Peel zucchini and cut the ends off. Cut each zucchini in half crosswise. Take each half, and slice it into several pieces lengthwise. (You should have about 20-25-ish zucchini pieces.)
Sprinkle zucchini slices with salt on all sides, and let rest for 15-30 minutes on a paper towel so it can sweat out the bitterness and extra moisture. (The longer the better.) At the end of this period, pat dry thoroughly.
Heat oven to 390°F(200°C). Additionally, heat a generous amount of oil in a frying pan on the highest setting (about 5-10 minutes).
In a large bowl, whisk three eggs, 1-2 tablespoons of stock powder, and salt and pepper. Place flour on a large plate. Now take each piece of zucchini, and dip it first in flour, then in the egg mixture, and then slowly place into the frying pan.
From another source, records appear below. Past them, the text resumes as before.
(* Let $r\ge1$, let $\mathcal{A}:\mathbb{C}^{m\times n}\to\mathbb{C}^p$ be linear with $\delta_{4r}(\mathcal{A})\le0.04$, let $X_0\in\mathbb{C}^{m\times n}$ with $\mathrm{rank}(X_0)\le r$, let $\nu\in\mathbb{C}^p$ and $b=\mathcal{A}X_0+\nu$. Let $\widehat{X}\in\mathbb{C}^{m\times n}$ with $\mathrm{rank}(\widehat{X})\le r$, and let $\Psi'$ be any maximizer of $\|\mathcal{P}_\Psi\mathcal{A}^*(b-\mathcal{A}\widehat{X})\|_F$ over $\Psi\subset\mathbb{O}$ with $|\Psi|\le2r$. Then $$\|\mathcal{P}_{\Psi'}^\perp(X_0-\widehat{X})\|_F\le0.24\|X_0-\widehat{X}\|_F+2.13\|\nu\|_2.$$
   Context: $\mathbb{C}^p$ has inner product $\langle x,y\rangle=y^Hx$ and norm $\|\cdot\|_2$; $\mathbb{C}^{m\times n}$ has inner product $\langle X,Y\rangle=\mathrm{tr}(Y^HX)$ and Frobenius norm $\|\cdot\|_F$; $\mathcal{A}^*$ is the adjoint of $\mathcal{A}$. $\delta_s(\mathcal{A})$ is the smallest $\delta\ge0$ such that $(1-\delta)\|X\|_F^2\le\|\mathcal{A}X\|_2^2\le(1+\delta)\|X\|_F^2$ for all $X$ with $\mathrm{rank}(X)\le s$. The set of atoms $\mathbb{O}$ is a set of unit-Frobenius-norm rank-one matrices such that every nonzero rank-one matrix is a scalar multiple of exactly one element of $\mathbb{O}$. For $\Psi\subset\mathbb{O}$, $\mathcal{P}_\Psi$ is the orthogonal projection onto $\mathrm{span}(\Psi)$ and $\mathcal{P}_\Psi^\perp=I-\mathcal{P}_\Psi$. (In the paper, $\widehat{X}$ is the previous ADMiRA estimate, which has rank at most $r$.) *)

theory Defs
  imports "HOL-Analysis.Analysis"
begin

text \<open>Matrices in C^(m x n) are modelled as complex^'n^'m (row i = X$i); the library
  norm on this type is the Frobenius norm, and on complex^'p it is the 2-norm.
  The library rank (row rank over the field) is the complex rank.\<close>

definition mscale :: "complex \<Rightarrow> complex^'n^'m \<Rightarrow> complex^'n^'m" where
  "mscale c X = (\<chi> i j. c * X$i$j)"

definition frob_inner :: "complex^'n^'m \<Rightarrow> complex^'n^'m \<Rightarrow> complex" where
  "frob_inner X Y = (\<Sum>i\<in>UNIV. \<Sum>j\<in>UNIV. X$i$j * cnj (Y$i$j))"

definition vinner :: "complex^'p \<Rightarrow> complex^'p \<Rightarrow> complex" where
  "vinner x y = (\<Sum>k\<in>UNIV. x$k * cnj (y$k))"

definition clinear_op :: "(complex^'n^'m \<Rightarrow> complex^'p) \<Rightarrow> bool" where
  "clinear_op A \<longleftrightarrow> (\<forall>X Y. A (X + Y) = A X + A Y) \<and> (\<forall>c X. A (mscale c X) = c *s A X)"

definition rip_const :: "(complex^'n^'m \<Rightarrow> complex^'p) \<Rightarrow> nat \<Rightarrow> real" where
  "rip_const A s = Inf {\<delta>. \<delta> \<ge> 0 \<and> (\<forall>X. rank X \<le> s \<longrightarrow>
       (1 - \<delta>) * (norm X)\<^sup>2 \<le> (norm (A X))\<^sup>2 \<and> (norm (A X))\<^sup>2 \<le> (1 + \<delta>) * (norm X)\<^sup>2)}"

definition atom_set :: "(complex^'n^'m) set \<Rightarrow> bool" where
  "atom_set Ats \<longleftrightarrow> (\<forall>a\<in>Ats. rank a = 1 \<and> norm a = 1) \<and>
     (\<forall>X. rank X = 1 \<longrightarrow> (\<exists>!a. a \<in> Ats \<and> (\<exists>c. X = mscale c a)))"

definition mspan :: "(complex^'n^'m) set \<Rightarrow> (complex^'n^'m) set" where
  "mspan S = {(\<Sum>a\<in>F. mscale (c a) a) | F c. finite F \<and> F \<subseteq> S}"

definition proj :: "(complex^'n^'m) set \<Rightarrow> complex^'n^'m \<Rightarrow> complex^'n^'m" where
  "proj S X = (THE Y. Y \<in> mspan S \<and> (\<forall>Z\<in>mspan S. frob_inner (X - Y) Z = 0))"

definition proj_perp :: "(complex^'n^'m) set \<Rightarrow> complex^'n^'m \<Rightarrow> complex^'n^'m" where
  "proj_perp S X = X - proj S X"

end

theory Submission imports Defs begin

text \<open>Write \<open>D = X0 - Xhat\<close> (rank at most \<open>2r\<close>), let \<open>T\<close> be at most \<open>2r\<close> atoms
  whose span contains \<open>D\<close>, and let \<open>w\<close> be the projection of the proxy
  \<open>y = A\<^sup>*(b - A Xhat) = A\<^sup>*(A D + \<nu>)\<close> onto the span of \<open>\<Psi>' \<union> T\<close>, a space of matrices of rank
  at most \<open>4r\<close>. On that space the RIP makes \<open>A\<^sup>*A\<close> close to the identity, so
  \<open>\<parallel>w - D\<parallel> \<le> \<epsilon> = \<delta>\<parallel>D\<parallel> + \<surd>(1+\<delta>)\<parallel>\<nu>\<parallel>\<close>. Since \<open>\<Psi>'\<close> captures at least as much of \<open>y\<close>, hence of
  \<open>w\<close>, as \<open>T\<close> does, Pythagoras gives \<open>\<parallel>w - P\<^sub>\<Psi>\<^sub>' w\<parallel> \<le> \<parallel>w - P\<^sub>T w\<parallel> \<le> \<parallel>w - D\<parallel>\<close>, and therefore
  \<open>\<parallel>P\<^sup>\<bottom>\<^sub>\<Psi>\<^sub>' D\<parallel> \<le> \<parallel>D - P\<^sub>\<Psi>\<^sub>' w\<parallel> \<le> 2\<epsilon>\<close>. Already \<open>\<delta> = 0.1 > 0.04\<close> gives the stated constants.\<close>

lemma row_eq: "row i A = A $ i"
  by (simp add: row_def vec_eq_iff)
(* The generating series $F(q;x)=\sum_\gamma q^{\omega_{HU}(\gamma)+\omega_{DH}(\gamma)+\omega_{DU}(\gamma)+\omega_{HH}(\gamma)}x^{|\gamma|}$, where $\gamma$ ranges over all Grand Motzkin paths and $|\gamma|$ is the length, is $$F(q;x)=\frac{1+(1-q)x}{\sqrt{(1+x)\big(1-(1+2q)x-(1-q^2)x^2+(1-q)^2x^3\big)}}.$$
   Context: Steps: $U=(1,1)$, $D=(1,-1)$, $H=(1,0)$. A Grand Motzkin path of length $n$ is any lattice path from $(0,0)$ to $(n,0)$ with steps $U,D,H$. Paths are identified with words of steps, and $\omega_\alpha(\gamma)$ is the number of occurrences of the word $\alpha$ as a factor (contiguous subword, overlapping occurrences counted separately) of $\gamma$. *)

theory Defs
  imports Complex_Main "HOL-Computational_Algebra.Formal_Power_Series"
begin

datatype step = U | D | H

fun step_height :: "step \<Rightarrow> int" where
  "step_height U = 1" | "step_height D = -1" | "step_height H = 0"

definition grand_motzkin :: "nat \<Rightarrow> step list set" where
  "grand_motzkin n = {\<gamma>. length \<gamma> = n \<and> sum_list (map step_height \<gamma>) = 0}"

definition occ :: "step list \<Rightarrow> step list \<Rightarrow> nat" where
  "occ a g = card {i. i + length a \<le> length g \<and> take (length a) (drop i g) = a}"

definition stat :: "step list \<Rightarrow> nat" where
  "stat g = occ [H,U] g + occ [D,H] g + occ [D,U] g + occ [H,H] g"

definition F :: "real \<Rightarrow> real fps" where
  "F q = Abs_fps (\<lambda>n. \<Sum>g\<in>grand_motzkin n. q ^ stat g)"

end

theory Submission
  imports Defs
begin

(* The statistic counts the adjacent pairs (a, b) of steps with a <> U and b <> D,
   so the weight q^stat of a path factors along first-return decompositions:
     Motzkin paths            []  |  H r  |  U m D r    (m, r Motzkin),
     negative Motzkin paths   []  |  H r  |  D m U r    (m, r negative Motzkin),
     Grand Motzkin paths      []  |  H r  |  U m D r  |  D m U r.
   By a product rule for unambiguous concatenations these become equations between the
   generating functions M (Motzkin paths), E (negative Motzkin paths m, weighted inside D m U)
   and F.  Since E (1 + (1 - q) x) and q M satisfy the same quadratic, which has a unique power
   series solution, they are equal; eliminating the remaining auxiliary series then gives
   F * s = 1 + (1 - q) x with s = 1 - q x - (1 - q) x^2 - 2 q x^2 M.  Finally s^2 is the
   radicand of the theorem and s(0) = 1, so s is its formal square root. *)

unbundle fps_syntax

fun adj_pairs :: "('a \<Rightarrow> 'a \<Rightarrow> bool) \<Rightarrow> 'a list \<Rightarrow> nat" where
  "adj_pairs R (a # b # g) = (if R a b then 1 else 0) + adj_pairs R (b # g)"
| "adj_pairs R _ = 0"

lemma adj_pairs_Cons:
  "adj_pairs R (a # g) = (if g \<noteq> [] \<and> R a (hd g) then 1 else 0) + adj_pairs R g"
  by (cases g) auto

lemma adj_pairs_snoc:
  "adj_pairs R (g @ [b]) = adj_pairs R g + (if g \<noteq> [] \<and> R (last g) b then 1 else 0)"
  by (induction g) (auto simp: adj_pairs_Cons)

lemma adj_pairs_split:
  "adj_pairs R (xs @ a # ys) = adj_pairs R (xs @ [a]) + adj_pairs R (a # ys)"
  by (induction xs) (auto simp: adj_pairs_Cons hd_append)

(* The statistic of the theorem counts exactly the pairs HU, DH, DU, HH,
   i.e. the pairs (a, b) with a <> U and b <> D. *)
definition stat_pair :: "step \<Rightarrow> step \<Rightarrow> bool" where
  "stat_pair a b \<longleftrightarrow> a \<noteq> U \<and> b \<noteq> D"

lemma occ_pair_Cons:
  "occ [a, b] (s # g) = (if g \<noteq> [] \<and> s = a \<and> hd g = b then 1 else 0) + occ [a, b] g"
proof -
  define A where "A = {i. i + length [a, b] \<le> length g \<and> take (length [a, b]) (drop i g) = [a, b]}"
  have "finite A" unfolding A_def by (rule finite_subset[of _ "{..length g}"]) auto
  have "{i. i + length [a, b] \<le> length (s # g) \<and> take (length [a, b]) (drop i (s # g)) = [a, b]}
      = (if g \<noteq> [] \<and> s = a \<and> hd g = b then {0} else {}) \<union> Suc ` A"
  proof (rule set_eqI)
    fix i
    show "i \<in> {i. i + length [a, b] \<le> length (s # g) \<and> take (length [a, b]) (drop i (s # g)) = [a, b]}
      \<longleftrightarrow> i \<in> (if g \<noteq> [] \<and> s = a \<and> hd g = b then {0} else {}) \<union> Suc ` A"
      unfolding A_def by (cases i; cases g) (auto simp: image_iff)
  qed
  moreover have "0 \<notin> Suc ` A" by auto
  ultimately show ?thesis using \<open>finite A\<close> by (auto simp: occ_def card_image A_def)
qed

lemma stat_Cons: "stat (s # g) = (if g \<noteq> [] \<and> stat_pair s (hd g) then 1 else 0) + stat g"
  unfolding stat_def occ_pair_Cons by (cases s; cases "hd g") (auto simp: stat_pair_def)

lemma stat_eq_adj_pairs: "stat g = adj_pairs stat_pair g"
proof (induction g)
  case Nil then show ?case by (simp add: stat_def occ_def)
next
  case (Cons s g) then show ?case by (simp add: stat_Cons adj_pairs_Cons)
qed

definition height :: "step list \<Rightarrow> int" where
  "height g = sum_list (map step_height g)"

lemma height_simps [simp]:
  "height [] = 0" "height (s # g) = step_height s + height g" "height (g @ g') = height g + height g'"
  by (simp_all add: height_def)

fun stays_nonneg :: "int \<Rightarrow> step list \<Rightarrow> bool" where
  "stays_nonneg c [] \<longleftrightarrow> 0 \<le> c"
| "stays_nonneg c (s # g) \<longleftrightarrow> 0 \<le> c \<and> stays_nonneg (c + step_height s) g"

lemma stays_nonneg_start: "stays_nonneg c g \<Longrightarrow> 0 \<le> c"
  by (cases g) auto

lemma stays_nonneg_append:
  "stays_nonneg c (g @ g') \<longleftrightarrow> stays_nonneg c g \<and> stays_nonneg (c + height g) g'"
  by (induction g arbitrary: c) (auto simp: add.assoc dest: stays_nonneg_start)

lemma stays_nonneg_mono: "stays_nonneg c g \<Longrightarrow> c \<le> c' \<Longrightarrow> stays_nonneg c' g"
  by (induction g arbitrary: c c') fastforce+

definition motzkin :: "step list \<Rightarrow> bool" where
  "motzkin g \<longleftrightarrow> stays_nonneg 0 g \<and> height g = 0"

fun flip :: "step \<Rightarrow> step" where
  "flip U = D" | "flip D = U" | "flip H = H"

lemma flip_flip [simp]: "flip (flip s) = s"
  by (cases s) auto

lemma flip_comp_flip [simp]: "flip \<circ> flip = id"
  by auto

lemma map_flip_flip [simp]: "map flip (map flip g) = g"
  by simp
Fry at the highest setting, and then lower the temperature down a little bit. It'll take about 3 minutes on each side at first, but later batches will take less time. (Due to the amount of zucchini slices you'll have to do this part in batches.) Watch to see that they're golden, but not burnt. As you take them out, layer them into your baking pan. You'll have 2-3 levels.
Beat the remaining egg, and mix with heavy cream, parsley, and the remaining stock powder. Pour the topping evenly over the zucchini slices in the baking pan, and then transfer the pan to the oven. Bake for 20-25 minutes, turning the pan around midway through.
Serve as hot as you can handle it, along with your main course. If this is your main course, add bread or pogacha. Store zucchini slices in an airtight container for up to 24 hours in the fridge. Reheat (only once!) using your preferred method. Do not freeze!